Appreciating details in-person and close-up echos the relationship with paintings. Away from a digital screen, they look flat from a distance but up close you see inconstancies, randomness, drips and brush marks – the human in there, that I think we can all relate to.
On Animism
’Objects have their own world. Making an object means imbuing it with its own spirit’.
— Kenji Ekuan, Creator of the legendary Kikkoman soy sauce bottle.
Bringing these Loose Ends into a physical made-form, they become imbued with corporeal properties. A recording of what has been and what can be: a proto-object.
The series of objects become new Loose Ends fragments or motifs designed to help us rewire and reconnect to our imagination. The objects are something utilitarian but in a dreamworld sense. Built from a different language and process. a different metaphor, own meaning and own life. The works offer new perspectives for imagination and thinking.
On Multiples
The sculptures are produced and use the language of multiples as if they are an edition. They are however, executed as single-pieces. I like that the language of powder-coating could be seen as a process for producing multiples rather than a one-off.
Lasercutting a hand-drawn mark sums it up for me in what I’m exploring. Human-machine-human-machine. A machine making a single object rather than thousands. It is also a reflection on my practice between fine-art and graphic design and the juxtaposition of what the expected outcome is.
A Catalyst for the Imagination
Really it is about world-building, connecting and a shared experience. The art is activated from a deeper and more profound place within us all.

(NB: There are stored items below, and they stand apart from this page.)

lemma discount_bound_le_fact_div_power:
  assumes s: "0 \<le> s" and p: "0 < p"
  shows "discount_bound (M * (s + 1) * real (D + 2) * real p) n s \<le> fact p / real (n + 1) ^ p"
proof -
  define c where "c = M * (s + 1) * real (D + 2)"
  have c: "0 < c" using M_pos s by (simp add: c_def)
  have "discount_bound (c * real p) n s \<le> (\<Prod>i<n. real (i + 1) / real (i + 1 + p))"
    unfolding discount_bound_def
  proof (rule prod_mono)
    fix i
    define x where "x = M * (s + real i * real (D + 2))"
    have x: "0 \<le> x" using M_pos s by (simp add: x_def)
    have "s + real i * real (D + 2) \<le> (s + 1) * real (D + 2) * real (i + 1)"
      using s by (simp add: algebra_simps)
    then have "x \<le> c * real (i + 1)"
      using M_pos by (simp add: x_def c_def mult.assoc mult_left_mono)
    then have "x / (x + c * real p) \<le> c * real (i + 1) / (c * real (i + 1) + c * real p)"
      using x c p by (intro divide_self_add_mono) auto
    also have "\<dots> = real (i + 1) / real (i + 1 + p)"
      using c by (simp add: distrib_left[symmetric])
    finally show "0 \<le> x / (x + c * real p) \<and> x / (x + c * real p) \<le> real (i + 1) / real (i + 1 + p)"
      using x c p by simp
  qed
  also have "\<dots> \<le> fact p / real (n + 1) ^ p" by (rule prod_ratio_le_fact_div_power)
  finally show ?thesis by (simp add: c_def)
qed
lemma condX_eq_of_markov:
  assumes XQY: "markov (XQY r)" and XYQ: "markov r" and xyq: "(x, y, q) \<in> set_pmf r"
  shows "condX (map_pmf (\<lambda>(x,y,q). (x,y)) r) y = condX (map_pmf (\<lambda>(x,y,q). (x,q)) r) q"
proof
  fix a
  let ?D = "pmf r (a, y, q)"
  let ?YQ = "pmf (map_pmf (\<lambda>(a,b,c). (b,c)) r) (y, q)"
  have "0 < ?YQ"
    using pmf_map_pmf_pos[OF xyq, of "\<lambda>(a,b,c). (b,c)"] by simp
  moreover have "0 < pmf (map_pmf (\<lambda>(a,b,c). b) r) y" and "0 < pmf (map_pmf (\<lambda>(a,b,c). c) r) q"
    using pmf_map_pmf_pos[OF xyq, of "\<lambda>(a,b,c). b"] pmf_map_pmf_pos[OF xyq, of "\<lambda>(a,b,c). c"] by simp_all
  moreover have "?D * pmf (map_pmf (\<lambda>(a,b,c). b) r) y = pmf (map_pmf (\<lambda>(a,b,c). (a,b)) r) (a, y) * ?YQ"
    using XYQ unfolding markov_def by blast
  moreover have "?D * pmf (map_pmf (\<lambda>(a,b,c). c) r) q = pmf (map_pmf (\<lambda>(a,b,c). (a,c)) r) (a, q) * ?YQ"
    using XQY unfolding markov_XQY_iff by blast
  ultimately have "pmf (map_pmf (\<lambda>(a,b,c). (a,b)) r) (a, y) / pmf (map_pmf (\<lambda>(a,b,c). b) r) y = ?D / ?YQ"
    and "pmf (map_pmf (\<lambda>(a,b,c). (a,c)) r) (a, q) / pmf (map_pmf (\<lambda>(a,b,c). c) r) q = ?D / ?YQ"
    by (simp_all add: field_simps)
  then show "condX (map_pmf (\<lambda>(x,y,q). (x,y)) r) y a = condX (map_pmf (\<lambda>(x,y,q). (x,q)) r) q a"
    by (simp add: condX_def pmf.map_comp comp_def case_prod_unfold)
qed
lemma sp_outcome_limit_from_above:
  assumes sp: "restricted_strategy_proof Iv F" and mono: "monotone_mech Iv F"
    and P: "P \<in> Iv" and S: "\<forall>n. S n \<in> Iv" and dec: "decseq (\<lambda>n. fst (S n))"
    and conv: "order_converges D S P"
  shows "\<exists>z. (\<forall>\<^sub>F n in sequentially. F (S n) = z) \<and> fst z \<le> fst P \<and> indiff (snd P) z (F P)"
proof -
  have SD: "\<forall>n. S n \<in> D" and PD: "P \<in> D" using S P Iv_subset by auto
  have ge: "fst P \<le> fst (S n)" for n using order_converges_decseq_ge[OF SD dec conv] .
  have "ble (F (S n)) (F (S m))" if "m \<le> n" for m n
    using monotone_mech_le[OF mono] S antimonoD[OF dec that] by blast
  then obtain N where N: "\<forall>n\<ge>N. F (S n) = F (S N)"
    using ble_chain_eventually_const[OF finite_outcome_range[OF S]] by blast
  define z where "z = F (S N)"
  have ev: "\<forall>\<^sub>F n in sequentially. F (S n) = z"
    unfolding z_def eventually_sequentially using N by blast
  have "\<forall>\<^sub>F n in sequentially. z \<in> pdom (fst (S n))"
    using ev by (rule eventually_mono) (use outcome_pdom S in metis)
  then have "fst z \<le> fst P" by (rule order_converges_pdom_limit[OF PD conv])
  moreover have "z \<in> pdom (fst (S N))" unfolding z_def using outcome_pdom S by blast
  ultimately have zP: "z \<in> pdom (fst P)" by (cases z) (simp add: pdom_iff)
  have "indiff (snd P) z (F P)"
  proof (cases "z = F P")
    case True
    then show ?thesis using rc_refl[OF rich_rc[OF PD] zP] by (simp add: indiff_def)
  next
    case False
    moreover have "ble (F P) z" unfolding z_def using monotone_mech_le[OF mono P _ ge] S by blast
    ultimately have less: "bless (F P) z" by (simp add: ble_def)
    have "snd P (F P) z" using sp P S zP unfolding restricted_strategy_proof_def z_def by blast
    moreover have "\<forall>\<^sub>F n in sequentially. snd (S n) z (F P)"
      using ev by (rule eventually_mono)
        (use sp P S pdom_mono[OF outcome_pdom[OF P] ge] in \<open>auto simp: restricted_strategy_proof_def\<close>)
    then have "snd P z (F P)" by (rule order_converges_pref_larger[OF PD SD conv less])
    ultimately show ?thesis by (simp add: indiff_def)
  qed
  then show ?thesis using ev \<open>fst z \<le> fst P\<close> by blast
qed

lemma sp_imp_VF_continuous:
  assumes sp: "restricted_strategy_proof Iv F" and mono: "monotone_mech Iv F"
  shows "VF_continuous D Iv F"
  unfolding VF_continuous_def
proof (intro ballI allI impI)
  fix P S assume P: "P \<in> Iv" and S: "\<forall>n. S n \<in> Iv"
    and monoseq: "(\<forall>n. fst (S n) \<le> fst (S (Suc n))) \<or> (\<forall>n. fst (S (Suc n)) \<le> fst (S n))"
    and conv: "order_converges D S P"
  from monoseq have
    "\<exists>z. (\<forall>\<^sub>F n in sequentially. F (S n) = z) \<and> fst z \<le> fst P \<and> indiff (snd P) z (F P)"
  proof
    assume "\<forall>n. fst (S n) \<le> fst (S (Suc n))"
    then show ?thesis
      by (intro sp_outcome_limit_from_below[OF sp mono P S _ conv]) (simp add: incseq_Suc_iff)
  next
    assume "\<forall>n. fst (S (Suc n)) \<le> fst (S n)"
    then show ?thesis
      by (intro sp_outcome_limit_from_above[OF sp mono P S _ conv]) (simp add: decseq_Suc_iff)
  qed
  then obtain z where "\<forall>\<^sub>F n in sequentially. F (S n) = z" "fst z \<le> fst P" "indiff (snd P) z (F P)"
    by blast
  then show "\<exists>z. (\<lambda>n. F (S n)) \<longlonglongrightarrow> z \<and> fst z \<le> fst P \<and> indiff (snd P) z (F P)"
    by (intro exI[of _ z] conjI tendsto_eventually)
qed

lemma Iv_approach_from_above:
  assumes "b < c" "fst lo \<le> b" "c \<le> fst hi"
  obtains S where "\<forall>n. S n \<in> Iv \<and> b < fst (S n) \<and> fst (S n) \<le> c"
    and "\<forall>n. fst (S (Suc n)) \<le> fst (S n)" and "(\<lambda>n. fst (S n)) \<longlonglongrightarrow> b"
proof -
  obtain \<sigma> where \<sigma>: "\<forall>n. b < \<sigma> n \<and> \<sigma> n \<le> c \<and> \<sigma> (Suc n) \<le> \<sigma> n" "\<sigma> \<longlonglongrightarrow> b"
    using approach_from_above[OF assms(1)] by blast
  have "\<exists>P\<in>Iv. fst P = \<sigma> n" for n using \<sigma>(1)[rule_format, of n] assms by (intro Iv_type_exists) auto
  then obtain S where S: "\<forall>n. S n \<in> Iv \<and> fst (S n) = \<sigma> n" by metis
  show thesis by (rule that[of S]) (use S \<sigma> in simp_all)
qed

lemma Iv_approach_from_below:
  assumes "a < b" "fst lo \<le> a" "b \<le> fst hi"
  obtains S where "\<forall>n. S n \<in> Iv \<and> a \<le> fst (S n) \<and> fst (S n) < b"
    and "\<forall>n. fst (S n) \<le> fst (S (Suc n))" and "(\<lambda>n. fst (S n)) \<longlonglongrightarrow> b"
proof -
  obtain \<sigma> where \<sigma>: "\<forall>n. a \<le> \<sigma> n \<and> \<sigma> n < b \<and> \<sigma> n \<le> \<sigma> (Suc n)" "\<sigma> \<longlonglongrightarrow> b"
    using approach_from_below[OF assms(1)] by blast
  have "\<exists>P\<in>Iv. fst P = \<sigma> n" for n using \<sigma>(1)[rule_format, of n] assms by (intro Iv_type_exists) auto
  then obtain S where S: "\<forall>n. S n \<in> Iv \<and> fst (S n) = \<sigma> n" by metis
  show thesis by (rule that[of S]) (use S \<sigma> in simp_all)
qed

lemma VF_continuous_eventually_indiff:
  assumes vc: "VF_continuous D Iv F" and B: "B \<in> Iv" and S: "\<forall>n. S n \<in> Iv"
    and monoseq: "(\<forall>n. fst (S n) \<le> fst (S (Suc n))) \<or> (\<forall>n. fst (S (Suc n)) \<le> fst (S n))"
    and lim: "(\<lambda>n. fst (S n)) \<longlonglongrightarrow> fst B"
  obtains z where "\<forall>\<^sub>F n in sequentially. F (S n) = z" and "indiff (snd B) z (F B)"
proof -
  have "order_converges D S B" unfolding order_converges_def using order_tendstoD[OF lim] by simp
  then obtain z where z: "(\<lambda>n. F (S n)) \<longlonglongrightarrow> z" "indiff (snd B) z (F B)"
    using vc B S monoseq unfolding VF_continuous_def by blast
  have "\<forall>\<^sub>F n in sequentially. F (S n) = z"
    by (rule tendsto_finite_range_eventually_eq[OF fin _ z(1)]) (use S in simp)
  then show thesis using that z(2) by blast
qed

lemma level_set_sup:
  assumes mono: "monotone_mech Iv F" and u0: "u0 \<in> Iv" and C: "C \<in> Iv" and "fst u0 \<le> fst C"
  obtains B where "B \<in> Iv" and "fst u0 \<le> fst B" and "fst B \<le> fst C"
    and "\<And>u. u \<in> Iv \<Longrightarrow> fst u0 \<le> fst u \<Longrightarrow> fst u < fst B \<Longrightarrow> F u = F u0"
    and "\<And>u. u \<in> Iv \<Longrightarrow> fst B < fst u \<Longrightarrow> fst u \<le> fst C \<Longrightarrow> F u \<noteq> F u0"
proof -
  define W where "W = {fst u | u. u \<in> Iv \<and> fst u \<le> fst C \<and> F u = F u0}"
  have u0W: "fst u0 \<in> W" using u0 assms(4) unfolding W_def by blast
  have bdd: "bdd_above W" unfolding W_def by (rule bdd_aboveI[of _ "fst C"]) auto
  have "fst u0 \<le> Sup W" using cSup_upper[OF u0W bdd] .
  moreover have "Sup W \<le> fst C" using u0W by (intro cSup_least) (auto simp: W_def)
  ultimately have "fst lo \<le> Sup W" "Sup W \<le> fst hi"
    using Iv_type_bounds[OF u0] Iv_type_bounds[OF C] by auto
  then obtain B where B: "B \<in> Iv" "fst B = Sup W" using Iv_type_exists by blast
  show thesis
  proof (rule that[OF B(1)])
    show "fst u0 \<le> fst B" "fst B \<le> fst C" using B(2) \<open>fst u0 \<le> Sup W\<close> \<open>Sup W \<le> fst C\<close> by simp_all
  next
    fix u assume u: "u \<in> Iv" "fst u0 \<le> fst u" "fst u < fst B"
    then obtain u' where u': "u' \<in> Iv" "F u' = F u0" "fst u < fst u'"
      using less_cSup_iff[OF _ bdd] u0W B(2) unfolding W_def by force
    show "F u = F u0"
      using monotone_mech_le[OF mono u0 u(1,2)] monotone_mech_le[OF mono u(1) u'(1)] u'(2,3)
      by (intro ble_antisym) simp_all
  next
    fix u assume u: "u \<in> Iv" "fst B < fst u" "fst u \<le> fst C"
    show "F u \<noteq> F u0"
    proof
      assume "F u = F u0"
      then have "fst u \<in> W" using u unfolding W_def by blast
      then show False using cSup_upper[OF _ bdd] u(2) B(2) by force
    qed
  qed
qed
(* Fix positive integers $\beta,p$. There is an algorithm which, given $n$ and an integer $m\in\{1,\ldots,M_n\}$ where $M_n=|\mathcal{S}_n(\beta,p)|$, outputs the vector $\mathbf{c}\in\mathcal{S}_n(\beta,p)$ with $ord(\mathbf{c})=m$; its time complexity and space complexity are both $O(n)$.
   Context: A binary vector is $(\beta,p)$-window-weight-limited (WWL) if every $\beta$ consecutive entries contain at most $p$ ones; $\mathcal{S}_n(\beta,p)$ is the set of $(\beta,p)$-WWL vectors of length $n$. For $\mathbf{x}=(x_1,\ldots,x_n)\in\{0,1\}^n$ let $\psi(\mathbf{x})=\sum_{k=1}^n x_k2^{n-k}$ (so $x_1$ is the most significant bit), and write $\mathbf{x}\preceq\mathbf{y}$ iff $\psi(\mathbf{x})\le\psi(\mathbf{y})$. For a set $X$ of distinct binary vectors of length $n$ and $\mathbf{x}\in X$, $ord(\mathbf{x})=|\{\mathbf{y}\in X:\mathbf{y}\preceq\mathbf{x}\}|$. Complexity is measured with $\beta,p$ fixed, counting arithmetic operations and storage of integers at unit cost. *)

theory Defs
  imports Main
begin

text \<open>Binary vectors of length n are lists of booleans; xs!0 is x_1 (most significant bit).\<close>

definition wwl :: "nat \<Rightarrow> nat \<Rightarrow> bool list \<Rightarrow> bool" where
  "wwl \<beta> p xs \<longleftrightarrow> (\<forall>i<length xs. length (filter id (take \<beta> (drop i xs))) \<le> p)"

definition WWL :: "nat \<Rightarrow> nat \<Rightarrow> nat \<Rightarrow> bool list set" where
  "WWL n \<beta> p = {xs. length xs = n \<and> wwl \<beta> p xs}"

definition psi :: "bool list \<Rightarrow> nat" where
  "psi xs = (\<Sum>k<length xs. (if xs ! k then 2 ^ (length xs - 1 - k) else 0))"

definition ord_in :: "bool list set \<Rightarrow> bool list \<Rightarrow> nat" where
  "ord_in X x = card {y \<in> X. psi y \<le> psi x}"

text \<open>Memory cells are indexed by nat and hold unbounded integers (unit cost).
  Each instruction is one arithmetic/memory/control operation.\<close>

datatype instr =
    LoadC nat int
  | Add nat nat nat
  | Sub nat nat nat
  | Mul nat nat nat
  | LoadI nat nat
  | StoreI nat nat
  | JumpPos nat nat
  | Jump nat
  | Halt

type_synonym conf = "nat \<times> (nat \<Rightarrow> int)"

fun exec :: "instr \<Rightarrow> conf \<Rightarrow> conf" where
  "exec (LoadC a c) (pc, m) = (Suc pc, m(a := c))"
| "exec (Add a b c) (pc, m) = (Suc pc, m(a := m b + m c))"
| "exec (Sub a b c) (pc, m) = (Suc pc, m(a := m b - m c))"
| "exec (Mul a b c) (pc, m) = (Suc pc, m(a := m b * m c))"
| "exec (LoadI a b) (pc, m) = (Suc pc, m(a := m (nat (m b))))"
| "exec (StoreI a b) (pc, m) = (Suc pc, m(nat (m a) := m b))"
| "exec (JumpPos a l) (pc, m) = (if m a > 0 then l else Suc pc, m)"
| "exec (Jump l) (pc, m) = (l, m)"
| "exec Halt (pc, m) = (pc, m)"

fun touched :: "instr \<Rightarrow> (nat \<Rightarrow> int) \<Rightarrow> nat set" where
  "touched (LoadC a c) m = {a}"
| "touched (Add a b c) m = {a, b, c}"
| "touched (Sub a b c) m = {a, b, c}"
| "touched (Mul a b c) m = {a, b, c}"
| "touched (LoadI a b) m = {a, b, nat (m b)}"
| "touched (StoreI a b) m = {a, b, nat (m a)}"
| "touched (JumpPos a l) m = {a}"
| "touched (Jump l) m = {}"
| "touched Halt m = {}"

definition halted :: "instr list \<Rightarrow> conf \<Rightarrow> bool" where
  "halted prog c \<longleftrightarrow> fst c \<ge> length prog \<or> prog ! fst c = Halt"

definition step :: "instr list \<Rightarrow> conf \<Rightarrow> conf" where
  "step prog c = (if halted prog c then c else exec (prog ! fst c) c)"

definition run :: "instr list \<Rightarrow> conf \<Rightarrow> nat \<Rightarrow> conf" where
  "run prog c t = (step prog ^^ t) c"

definition used_cells :: "instr list \<Rightarrow> conf \<Rightarrow> nat \<Rightarrow> nat set" where
  "used_cells prog c t =
     (\<Union>i<t. (let ci = run prog c i in
               if halted prog ci then {} else touched (prog ! fst ci) (snd ci)))"

definition init :: "nat \<Rightarrow> nat \<Rightarrow> conf" where
  "init n m = (0, (\<lambda>_. 0)(0 := int n, 1 := int m))"

end

theory Submission
  imports Defs
begin

text \<open>Reading bits from the most significant one, \<open>\<psi>\<close> orders vectors of equal length
  lexicographically, so the vector of rank \<open>m\<close> can be found greedily: its first bit is
  0 exactly when at least \<open>m\<close> admissible vectors start with 0, and one continues with the
  remaining rank. Whether a prefix can be extended, and in how many ways, depends only on its last
  \<open>\<beta> - 1\<close> bits; with \<open>\<beta>\<close> fixed these form a finite automaton with \<open>Q = 2 ^ (\<beta> - 1)\<close> live
  states, and the number \<open>count L s\<close> of completions of length \<open>L\<close> from state \<open>s\<close> obeys a
  two-term recursion. Tabulating \<open>count\<close> for all \<open>L \<le> n\<close> takes \<open>O(n)\<close> cells and steps,
  after which each output bit costs \<open>O(1)\<close> steps. A concrete program for the unit-cost machine
  implements this; its space is bounded by its time because an instruction touches at most three
  cells.\<close>

section \<open>Binary words and window weights\<close>

lemma psi_Nil [simp]: "psi [] = 0"
  by (simp add: psi_def)

lemma psi_Cons: "psi (b # w) = (if b then 2 ^ length w else 0) + psi w"
proof -
  have shift: "\<And>n i. Suc n - 1 - Suc i = n - 1 - i"
    by simp
  show ?thesis
    unfolding psi_def length_Cons sum.lessThan_Suc_shift shift by simp
qed

lemma psi_less_power: "psi w < 2 ^ length w"
  by (induction w) (auto simp: psi_Cons)

lemma psi_snoc: "psi (w @ [b]) = 2 * psi w + (if b then 1 else 0)"
  by (induction w) (auto simp: psi_Cons)

lemma psi_Cons_le_Cons_iff:
  assumes "length w = length v"
  shows "psi (a # w) \<le> psi (b # v) \<longleftrightarrow> (\<not> a \<and> b) \<or> (a = b \<and> psi w \<le> psi v)"
  using psi_less_power[of w] psi_less_power[of v] assms by (auto simp: psi_Cons)

definition weight :: "bool list \<Rightarrow> nat" where
  "weight xs = length (filter id xs)"
(* Let $C$ and $\bar{C}$ be categories, each with a final object ($pt$, resp. $\bar{pt}$), fiber products, a class of confined maps, a class of independent squares and a class of allowable maps (all as described in the context), let $\bar{\ }: C\to\bar{C}$ be a functor respecting these structures, and let $F$ be a partial weak bivariant theory on $C$ and $H$ a partial weak bivariant theory on $\bar{C}$. Assume every map $X\to pt$ in $C$ (resp. $\bar X\to\bar{pt}$ in $\bar C$) is allowable, that $F_*(pt):=F(pt\to pt)$ contains an element $1_{pt}$ with $\alpha\bullet 1_{pt}=\alpha$ for all $\alpha\in F_*(X):=F(X\to pt)$ and all $X$, similarly $1_{\bar{pt}}\in H_*(\bar{pt})$ for $H$, and that every commutative square whose horizontal maps are identities (i.e. $g=\mathrm{id}_Y$, $g'=\mathrm{id}_X$, vertical maps both equal to some $f$) is independent. Let $c_*:F_*\to H_*$ be a natural transformation of the associated covariant theories (i.e. a family of homomorphisms $c_*:F(X\to pt)\to H(\bar X\to\bar{pt})$ with $c_*\circ f_*=\bar f_*\circ c_*$ for confined $f$) with $c_*(1_{pt})=1_{\bar{pt}}$. Fix a class of orientable objects of $C$ containing $pt$, with distinguished elements $e_Y\in F_*(Y)$ such that $c_*(e_Y)$ is a strong orientation in $H$ and $e_{pt}=1_{pt}$, and for each o-allowable $f:X\to Y$ let $\gamma_f:F(f:X\to Y)\to H(\bar f:\bar X\to\bar Y)$ be the unique homomorphism with $c_*(\alpha\bullet e_Y)=\gamma_f(\alpha)\,\bar\bullet\,c_*(e_Y)$ for all $\alpha$. Let $f:X\to Y$ be o-allowable and let $\alpha\in F(f:X\to Y)$ satisfy $c_*(\alpha\bullet\beta)=\gamma_f(\alpha)\,\bar\bullet\,c_*(\beta)$ for every $\beta\in F_*(Y)$. Then for every o-allowable $g:Y\to Z$ and every $\beta\in F(g:Y\to Z)$ one has $$\gamma_{g\circ f}(\alpha\bullet\beta)=\gamma_f(\alpha)\,\bar\bullet\,\gamma_g(\beta).$$
   Context: Setting (following Fulton–MacPherson). A category $C$ has a final object $pt$ and fiber products, a class of confined maps (closed under composition and base change, containing identities) and a class of independent squares (fiber squares, closed under vertical and horizontal composition, containing every square, or its transpose, whose two parallel sides are identity maps). A class of allowable maps is closed under composition and such that $g\circ f$ is allowable whenever $f$ is confined and $g$ allowable. A partial weak bivariant theory $T$ assigns to each allowable $f:X\to Y$ an abelian group $T(f:X\to Y)$ with: a product $\bullet:T(f:X\to Y)\times T(g:Y\to Z)\to T(g\circ f:X\to Z)$ (for $f,g$ allowable); a push-forward $f_*:T(g\circ f:X\to Z)\to T(g:Y\to Z)$ for $f$ confined and $g$ allowable; a pull-back $g^*:T(f:X\to Y)\to T(f':X'\to Y')$ for every independent square with $X'\to X$ over $g:Y'\to Y$ and $f,f'$ allowable; satisfying, for allowable maps, associativity of product, functoriality of push-forward and pull-back, and compatibility of product with push-forward, of product with pull-back, and of push-forward with pull-back (the bivariant projection formula is not required). A functor $\bar{\ }:C\to\bar C$ "respecting the structures" preserves final objects, confined maps, independent squares and allowable maps. For $H$ on $\bar C$, an element $\theta\in H(g:Y\to Z)$ is a strong orientation if $-\bullet\theta: H(f':X'\to Y)\to H(g\circ f':X'\to Z)$ is an isomorphism for all $f':X'\to Y$ (with the relevant maps allowable). A morphism $f:X\to Y$ of $C$ is o-allowable if it is allowable and $Y$ is orientable. The product in $H$ is written $\bar\bullet$. *)

theory Defs
  imports "HOL-Algebra.Group"
begin

text \<open>Composition convention: cmp C g f = g o f.
A square (f, g, f', g') denotes
   X' --g'--> X
   |f'        |f
   Y' --g-->  Y
i.e. f: X -> Y, g: Y' -> Y, f': X' -> Y', g': X' -> X.\<close>

record ('o, 'm) fmcat =
  obj :: "'o set"
  mor :: "'m set"
  src :: "'m \<Rightarrow> 'o"
  tgt :: "'m \<Rightarrow> 'o"
  cmp :: "'m \<Rightarrow> 'm \<Rightarrow> 'm"
  ident :: "'o \<Rightarrow> 'm"
  pt :: "'o"
  confined :: "'m set"
  indep :: "('m \<times> 'm \<times> 'm \<times> 'm) set"
  allowable :: "'m set"

definition arr :: "('o, 'm, 'x) fmcat_scheme \<Rightarrow> 'm \<Rightarrow> 'o \<Rightarrow> 'o \<Rightarrow> bool" where
  "arr C m X Y \<longleftrightarrow> m \<in> mor C \<and> src C m = X \<and> tgt C m = Y"

definition is_category :: "('o, 'm, 'x) fmcat_scheme \<Rightarrow> bool" where
  "is_category C \<longleftrightarrow>
     (\<forall>m\<in>mor C. src C m \<in> obj C \<and> tgt C m \<in> obj C) \<and>
     (\<forall>X\<in>obj C. arr C (ident C X) X X) \<and>
     (\<forall>f\<in>mor C. \<forall>g\<in>mor C. tgt C f = src C g \<longrightarrow>
          arr C (cmp C g f) (src C f) (tgt C g)) \<and>
     (\<forall>f\<in>mor C. cmp C (ident C (tgt C f)) f = f \<and> cmp C f (ident C (src C f)) = f) \<and>
     (\<forall>f\<in>mor C. \<forall>g\<in>mor C. \<forall>h\<in>mor C. tgt C f = src C g \<and> tgt C g = src C h \<longrightarrow>
          cmp C h (cmp C g f) = cmp C (cmp C h g) f)"

definition has_final_object :: "('o, 'm, 'x) fmcat_scheme \<Rightarrow> bool" where
  "has_final_object C \<longleftrightarrow> pt C \<in> obj C \<and> (\<forall>X\<in>obj C. \<exists>!m. arr C m X (pt C))"

definition termap :: "('o, 'm, 'x) fmcat_scheme \<Rightarrow> 'o \<Rightarrow> 'm" where
  "termap C X = (THE m. arr C m X (pt C))"

definition commsq :: "('o, 'm, 'x) fmcat_scheme \<Rightarrow> 'm \<times> 'm \<times> 'm \<times> 'm \<Rightarrow> bool" where
  "commsq C s = (case s of (f, g, f', g') \<Rightarrow>
     f \<in> mor C \<and> g \<in> mor C \<and> f' \<in> mor C \<and> g' \<in> mor C \<and>
     tgt C f = tgt C g \<and> src C f = tgt C g' \<and> src C f' = src C g' \<and> tgt C f' = src C g \<and>
     cmp C f g' = cmp C g f')"

definition fiber_square :: "('o, 'm, 'x) fmcat_scheme \<Rightarrow> 'm \<times> 'm \<times> 'm \<times> 'm \<Rightarrow> bool" where
  "fiber_square C s = (case s of (f, g, f', g') \<Rightarrow>
     commsq C (f, g, f', g') \<and>
     (\<forall>W\<in>obj C. \<forall>a b. arr C a W (src C f) \<and> arr C b W (src C g) \<and> cmp C f a = cmp C g b \<longrightarrow>
        (\<exists>!u. arr C u W (src C f') \<and> cmp C g' u = a \<and> cmp C f' u = b)))"

definition has_fiber_products :: "('o, 'm, 'x) fmcat_scheme \<Rightarrow> bool" where
  "has_fiber_products C \<longleftrightarrow>
     (\<forall>f\<in>mor C. \<forall>g\<in>mor C. tgt C f = tgt C g \<longrightarrow> (\<exists>f' g'. fiber_square C (f, g, f', g')))"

“We look at everything from the point of view of the human experience, but then how we can make changes in the way that things are not just designed but made so that in the end it affects the whole system.” - Ilse Crawford
Loose Ends 34
An original painting on aluminium. This piece has helped formed the basis of thinking for the new table-top pieces. This piece differs as it is hand-painted with acrylic. “It’s important that I paint this piece by hand and do it my way. You see my mistakes - my style... I like the exchange between technology and human fallibility that we all try and navigate every day”.